Another thing I have been thinking about for a long time and that is a change of station. I find Nelson too demanding for me, I am getting weaker and weaker. I would like to be alone with a Father without any boarders. There I could do his cooking and lead a more quiet life. Perhaps the station of Taranaki or the Wanganui one would be best. All the same, I don’t dare speak about it to anyone for fear of being refused, seeing that now I am no good for anything except being a nuisance. That is what has held me back till now.

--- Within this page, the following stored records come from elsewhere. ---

lemma norm_set_integral_wfun_le:
  assumes a: "a > 0" and \<theta>: "L2 a \<theta>" and Du: "L2 a (Du 0)" and Dv: "L2 a (Dv 1)"
    and F: "\<And>p. cmod (F p) \<le> cmod (\<theta> p) * cmod (wfun Du Dv p)"
  shows "cmod (LINT p:cell a|lborel. F p)
    \<le> sqrt (L2_sqnorm a \<theta>) * sqrt (2 * a\<^sup>2 * (L2_sqnorm a (Du 0) + L2_sqnorm a (Dv 1)))"
proof -
  define G where "G p = Du 0 p + Dv 1 p" for p
  define N where "N p = column_sqnorm a G (fst p) (fst (snd p))" for p :: pt
  \<comment> \<open>By Cauchy-Schwarz in the vertical variable, |w| is dominated by the function h, constant on vertical columns.\<close>
  define h where "h p = sqrt (a * enn2real (N p))" for p :: pt
  have [measurable]: "\<theta> \<in> borel_measurable borel" "Du 0 \<in> borel_measurable borel" "Dv 1 \<in> borel_measurable borel"
    using \<theta> Du Dv by (simp_all add: L2_measurable)
  have G_meas [measurable]: "G \<in> borel_measurable borel"
    unfolding G_def by measurable
  have [measurable]: "N \<in> borel_measurable borel" "h \<in> borel_measurable borel"
    unfolding h_def N_def by measurable
  have N_int: "(\<integral>\<^sup>+p. ennreal a * N p * indicator (cell a) p \<partial>lborel)
      \<le> ennreal (2 * a\<^sup>2 * (L2_sqnorm a (Du 0) + L2_sqnorm a (Dv 1)))"
    unfolding N_def G_def using a Du Dv by (rule nn_integral_column_sqnorm_le)
  have "AE p in lborel. ennreal a * N p * indicator (cell a) p \<noteq> \<infinity>"
    using N_int by (intro nn_integral_PInf_AE) (auto simp: top_unique)
  hence "AE p in lborel. p \<in> cell a \<longrightarrow> cmod (F p) \<le> cmod (\<theta> p) * h p"
  proof eventually_elim
    case (elim p)
    obtain x y z where p: "p = (x, y, z)" by (cases p)
    show ?case
    proof
      assume "p \<in> cell a"
      hence "0 < z" "z < a" "N p \<noteq> \<infinity>"
        using elim a by (auto simp: p cell_def ennreal_mult_eq_top_iff)
      hence "cmod (LINT t:{0..z}|lborel. G (x, y, t)) \<le> h p"
        using norm_interval_integral_le_column_sqnorm[OF G_meas, of z a x y] by (simp add: p h_def N_def)
      moreover have "wfun Du Dv p = - (LINT t:{0..z}|lborel. G (x, y, t))"
        unfolding p wfun_def G_def by simp
      ultimately have "cmod (wfun Du Dv p) \<le> h p" by simp
      thus "cmod (F p) \<le> cmod (\<theta> p) * h p"
        using F[of p] by (meson mult_left_mono norm_ge_zero order_trans)
    qed
  qed
  moreover have "(\<integral>\<^sup>+p. ennreal ((h p)\<^sup>2) * indicator (cell a) p \<partial>lborel)
      \<le> ennreal (2 * a\<^sup>2 * (L2_sqnorm a (Du 0) + L2_sqnorm a (Dv 1)))"
  proof -
    have "ennreal ((h p)\<^sup>2) \<le> ennreal a * N p" for p
      unfolding h_def using a by (simp add: ennreal_mult enn2real_nonneg mult_left_mono ennreal_enn2real_if)
    hence "(\<integral>\<^sup>+p. ennreal ((h p)\<^sup>2) * indicator (cell a) p \<partial>lborel) \<le> (\<integral>\<^sup>+p. ennreal a * N p * indicator (cell a) p \<partial>lborel)"
      by (intro nn_integral_mono) (simp split: split_indicator)
    thus ?thesis using N_int by order
  qed
  ultimately show ?thesis
    using a \<theta> L2_sqnorm_nonneg[of a "Du 0"] L2_sqnorm_nonneg[of a "Dv 1"]
    by (intro norm_set_integral_le_sqrt[where f="\<lambda>p. cmod (\<theta> p)" and g=h])
      (auto simp: h_def L2_nn_sqnorm_eq[symmetric] L2_nn_sqnorm_def L2_sqnorm_nonneg)
qed

section \<open>The V inner product\<close>

lemma sqrt_mult_add3_le:
  fixes x1 x2 x3 y1 y2 y3 :: real
  assumes "0 \<le> x1" "0 \<le> x2" "0 \<le> x3" "0 \<le> y1" "0 \<le> y2" "0 \<le> y3"
  shows "sqrt x1 * sqrt y1 + sqrt x2 * sqrt y2 + sqrt x3 * sqrt y3 \<le> sqrt (x1 + x2 + x3) * sqrt (y1 + y2 + y3)"
proof -
  define X1 X2 X3 Y1 Y2 Y3 where "X1 = sqrt x1" "X2 = sqrt x2" "X3 = sqrt x3" "Y1 = sqrt y1" "Y2 = sqrt y2" "Y3 = sqrt y3"
  \<comment> \<open>Lagrange's identity.\<close>
  have "(X1\<^sup>2 + X2\<^sup>2 + X3\<^sup>2) * (Y1\<^sup>2 + Y2\<^sup>2 + Y3\<^sup>2) - (X1 * Y1 + X2 * Y2 + X3 * Y3)\<^sup>2
      = (X1 * Y2 - X2 * Y1)\<^sup>2 + (X1 * Y3 - X3 * Y1)\<^sup>2 + (X2 * Y3 - X3 * Y2)\<^sup>2"
    by (simp add: power2_eq_square algebra_simps)
  hence "(X1 * Y1 + X2 * Y2 + X3 * Y3)\<^sup>2 \<le> (x1 + x2 + x3) * (y1 + y2 + y3)"
    using assms unfolding X1_X2_X3_Y1_Y2_Y3_def by (smt (verit) real_sqrt_pow2 zero_le_power2)
  hence "X1 * Y1 + X2 * Y2 + X3 * Y3 \<le> sqrt ((x1 + x2 + x3) * (y1 + y2 + y3))"
    by (rule real_le_rsqrt)
  thus ?thesis unfolding X1_X2_X3_Y1_Y2_Y3_def by (simp add: real_sqrt_mult)
qed

lemma sqrt_mult_add_le:
  fixes x1 x2 y1 y2 :: real
  assumes "0 \<le> x1" "0 \<le> x2" "0 \<le> y1" "0 \<le> y2"
  shows "sqrt x1 * sqrt y1 + sqrt x2 * sqrt y2 \<le> sqrt (x1 + x2) * sqrt (y1 + y2)"
  using sqrt_mult_add3_le[of x1 x2 0 y1 y2 0] assms by simp

lemma sqrt_mult_le_of_le:
  fixes x y X Y c d e :: real
  assumes "0 \<le> x" "x \<le> c * X" "0 \<le> y" "y \<le> d * Y" "0 \<le> X" "0 \<le> Y" "c * d = e\<^sup>2" "0 \<le> e"
  shows "sqrt x * sqrt y \<le> e * (sqrt X * sqrt Y)"
proof -
  have "sqrt x * sqrt y \<le> sqrt (c * X) * sqrt (d * Y)"
    using assms by (intro mult_mono real_sqrt_le_mono) auto
  also have "\<dots> = sqrt (e\<^sup>2 * (X * Y))"
    using assms(7) by (simp add: real_sqrt_mult[symmetric] mult_ac)
  finally show ?thesis
    using assms by (simp add: real_sqrt_mult)
qed

lemma norm_sum3_inner_le:
  fixes x y z x' y' z' :: "nat \<Rightarrow> complex" and k :: real
  assumes k: "k \<ge> 0"
  shows "cmod (\<Sum>i<3. x i * cnj (x' i) + y i * cnj (y' i) + of_real k * z i * cnj (z' i))
    \<le> sqrt (\<Sum>i<3. (cmod (x i))\<^sup>2 + (cmod (y i))\<^sup>2 + k * (cmod (z i))\<^sup>2)
      * sqrt (\<Sum>i<3. (cmod (x' i))\<^sup>2 + (cmod (y' i))\<^sup>2 + k * (cmod (z' i))\<^sup>2)"
proof -
  define d where "d i = (cmod (x i))\<^sup>2 + (cmod (y i))\<^sup>2 + k * (cmod (z i))\<^sup>2" for i
  define d' where "d' i = (cmod (x' i))\<^sup>2 + (cmod (y' i))\<^sup>2 + k * (cmod (z' i))\<^sup>2" for i
  have d0: "0 \<le> d i" "0 \<le> d' i" for i
    using k by (simp_all add: d_def d'_def)
  have "cmod (x i * cnj (x' i) + y i * cnj (y' i) + of_real k * z i * cnj (z' i)) \<le> sqrt (d i) * sqrt (d' i)" for i
  proof -
    have "cmod (x i * cnj (x' i) + y i * cnj (y' i) + of_real k * z i * cnj (z' i))
        \<le> cmod (x i) * cmod (x' i) + cmod (y i) * cmod (y' i) + k * (cmod (z i) * cmod (z' i))"
      using k by (smt (verit) norm_mult norm_of_real complex_mod_cnj norm_triangle_ineq mult.assoc)
    also have "\<dots> = sqrt ((cmod (x i))\<^sup>2) * sqrt ((cmod (x' i))\<^sup>2) + sqrt ((cmod (y i))\<^sup>2) * sqrt ((cmod (y' i))\<^sup>2)
        + sqrt (k * (cmod (z i))\<^sup>2) * sqrt (k * (cmod (z' i))\<^sup>2)"
      using k by (simp add: real_sqrt_mult)
    also have "\<dots> \<le> sqrt (d i) * sqrt (d' i)"
      unfolding d_def d'_def using k by (intro sqrt_mult_add3_le) auto
    finally show ?thesis .
  qed
  hence "(\<Sum>i<3. cmod (x i * cnj (x' i) + y i * cnj (y' i) + of_real k * z i * cnj (z' i)))
      \<le> (\<Sum>i<3. sqrt (d i) * sqrt (d' i))"
    by (rule sum_mono)
  with norm_sum have "cmod (\<Sum>i<3. x i * cnj (x' i) + y i * cnj (y' i) + of_real k * z i * cnj (z' i))
      \<le> (\<Sum>i<3. sqrt (d i) * sqrt (d' i))"
    by (rule order_trans)
  also have "\<dots> \<le> sqrt (\<Sum>i<3. d i) * sqrt (\<Sum>i<3. d' i)"
    using d0 by (simp add: eval_nat_numeral sqrt_mult_add3_le)
  finally show ?thesis unfolding d_def d'_def .
qed

definition energy_density :: "real \<Rightarrow> grd \<Rightarrow> grd \<Rightarrow> grd \<Rightarrow> pt \<Rightarrow> real" where
  "energy_density k Du Dv D\<theta> p = (\<Sum>i<3. (cmod (Du i p))\<^sup>2 + (cmod (Dv i p))\<^sup>2 + k * (cmod (D\<theta> i p))\<^sup>2)"

lemma energy_density_nonneg: "k \<ge> 0 \<Longrightarrow> energy_density k Du Dv D\<theta> p \<ge> 0"
  unfolding energy_density_def by (intro sum_nonneg) auto

lemma energy_density_measurable:
  assumes "\<forall>i<3. L2 a (Du i) \<and> L2 a (Dv i) \<and> L2 a (D\<theta> i)"
  shows "energy_density k Du Dv D\<theta> \<in> borel_measurable borel"
  unfolding energy_density_def
proof (rule borel_measurable_sum)
  fix i :: nat assume "i \<in> {..<3}"
  hence [measurable]: "Du i \<in> borel_measurable borel" "Dv i \<in> borel_measurable borel" "D\<theta> i \<in> borel_measurable borel"
    using assms L2_measurable by blast+
  show "(\<lambda>p. (cmod (Du i p))\<^sup>2 + (cmod (Dv i p))\<^sup>2 + k * (cmod (D\<theta> i p))\<^sup>2) \<in> borel_measurable borel"
    by measurable
qed

lemma innerV_self:
  "innerV a \<beta> \<gamma> Du Dv D\<theta> Du Dv D\<theta> = of_real (LINT p:cell a|lborel. energy_density (\<beta> / \<gamma>) Du Dv D\<theta> p)"
proof -
  have "(\<Sum>i<3. Du i p * cnj (Du i p) + Dv i p * cnj (Dv i p) + of_real (\<beta> / \<gamma>) * D\<theta> i p * cnj (D\<theta> i p))
      = complex_of_real (energy_density (\<beta> / \<gamma>) Du Dv D\<theta> p)" for p
    unfolding energy_density_def by (simp add: mult.assoc flip: complex_norm_square of_real_power)
  thus ?thesis
    unfolding innerV_def set_integral_complex_of_real[symmetric] by simp
qed

lemma set_integral_energy_density:
  assumes "\<forall>i<3. L2 a (Du i) \<and> L2 a (Dv i) \<and> L2 a (D\<theta> i)"
  shows "set_integrable lborel (cell a) (energy_density k Du Dv D\<theta>)"
    and "(LINT p:cell a|lborel. energy_density k Du Dv D\<theta> p)
      = (\<Sum>i<3. L2_sqnorm a (Du i) + L2_sqnorm a (Dv i) + k * L2_sqnorm a (D\<theta> i))"
proof -
  let ?e = "\<lambda>i p. (cmod (Du i p))\<^sup>2 + (cmod (Dv i p))\<^sup>2 + k * (cmod (D\<theta> i p))\<^sup>2"
  have e: "set_integrable lborel (cell a) (?e i)
      \<and> (LINT p:cell a|lborel. ?e i p) = L2_sqnorm a (Du i) + L2_sqnorm a (Dv i) + k * L2_sqnorm a (D\<theta> i)"
    if "i < 3" for i
    using assms that unfolding L2_def L2_sqnorm_def by (simp add: set_integral_add)
  hence "integrable lborel (\<lambda>p. \<Sum>i<3. indicator (cell a) p *\<^sub>R ?e i p)"
    by (intro Bochner_Integration.integrable_sum) (simp add: set_integrable_def)
  thus "set_integrable lborel (cell a) (energy_density k Du Dv D\<theta>)"
    by (simp only: set_integrable_def energy_density_def scaleR_sum_right)
  have "(LINT p:cell a|lborel. energy_density k Du Dv D\<theta> p) = (\<Sum>i<3. LINT p:cell a|lborel. ?e i p)"
    unfolding set_lebesgue_integral_def energy_density_def scaleR_sum_right
    using e by (intro Bochner_Integration.integral_sum) (simp add: set_integrable_def)
  thus "(LINT p:cell a|lborel. energy_density k Du Dv D\<theta> p)
      = (\<Sum>i<3. L2_sqnorm a (Du i) + L2_sqnorm a (Dv i) + k * L2_sqnorm a (D\<theta> i))"
    using e by simp
qed

lemma normV_eq:
  assumes "\<forall>i<3. L2 a (Du i) \<and> L2 a (Dv i) \<and> L2 a (D\<theta> i)"
  shows "normV a \<beta> \<gamma> Du Dv D\<theta> = sqrt (LINT p:cell a|lborel. energy_density (\<beta> / \<gamma>) Du Dv D\<theta> p)"
    and "normV a \<beta> \<gamma> Du Dv D\<theta>
      = sqrt (\<Sum>i<3. L2_sqnorm a (Du i) + L2_sqnorm a (Dv i) + \<beta> / \<gamma> * L2_sqnorm a (D\<theta> i))"
  using set_integral_energy_density[OF assms] by (simp_all add: normV_def innerV_self)

lemma normV_nonneg:
  assumes "\<forall>i<3. L2 a (Du i) \<and> L2 a (Dv i) \<and> L2 a (D\<theta> i)" and "\<beta> / \<gamma> \<ge> 0"
  shows "normV a \<beta> \<gamma> Du Dv D\<theta> \<ge> 0"
  unfolding normV_eq(2)[OF assms(1)] using assms(2)
  by (intro real_sqrt_ge_zero sum_nonneg add_nonneg_nonneg mult_nonneg_nonneg L2_sqnorm_nonneg)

Tell me what you think of it and what I should do.
I am enclosing with yours, very rev Father, two letters, one for the dear Brother Director of the school at St Sauveur asking him if he could pass on the other I have included with his to my brother Andre. I have no idea what has become of him, whether he is alive or dead. The good Brother would be able to deliver it in a more reliable way. Please post them as soon as possible. I would be very grateful if you would ask the good Brother at St Sauveur to give me the information I require.
My profound apologies, very rev Father, for all the trouble I am giving you. But, alas! I don’t know how to do anything but cause trouble for those with whom I have any dealings. If I am honoured with a reply I beg you to give me news of the good Brother Emery and dear Brother Marie-Nizier.
I conclude by commending myself once more to your fervent prayers and those of the Rev Fathers and the dear Brothers and Sisters of Villa Maria.
I am your entirely devoted and obedient servant,
Br Claude Marie.


  1. Extract from a letter preserved in the text of a biography of Louis-Marie, Vie du Frere Louis-Marie, par un Frere de cet Institut, Lyon, 1907, pp 218-219.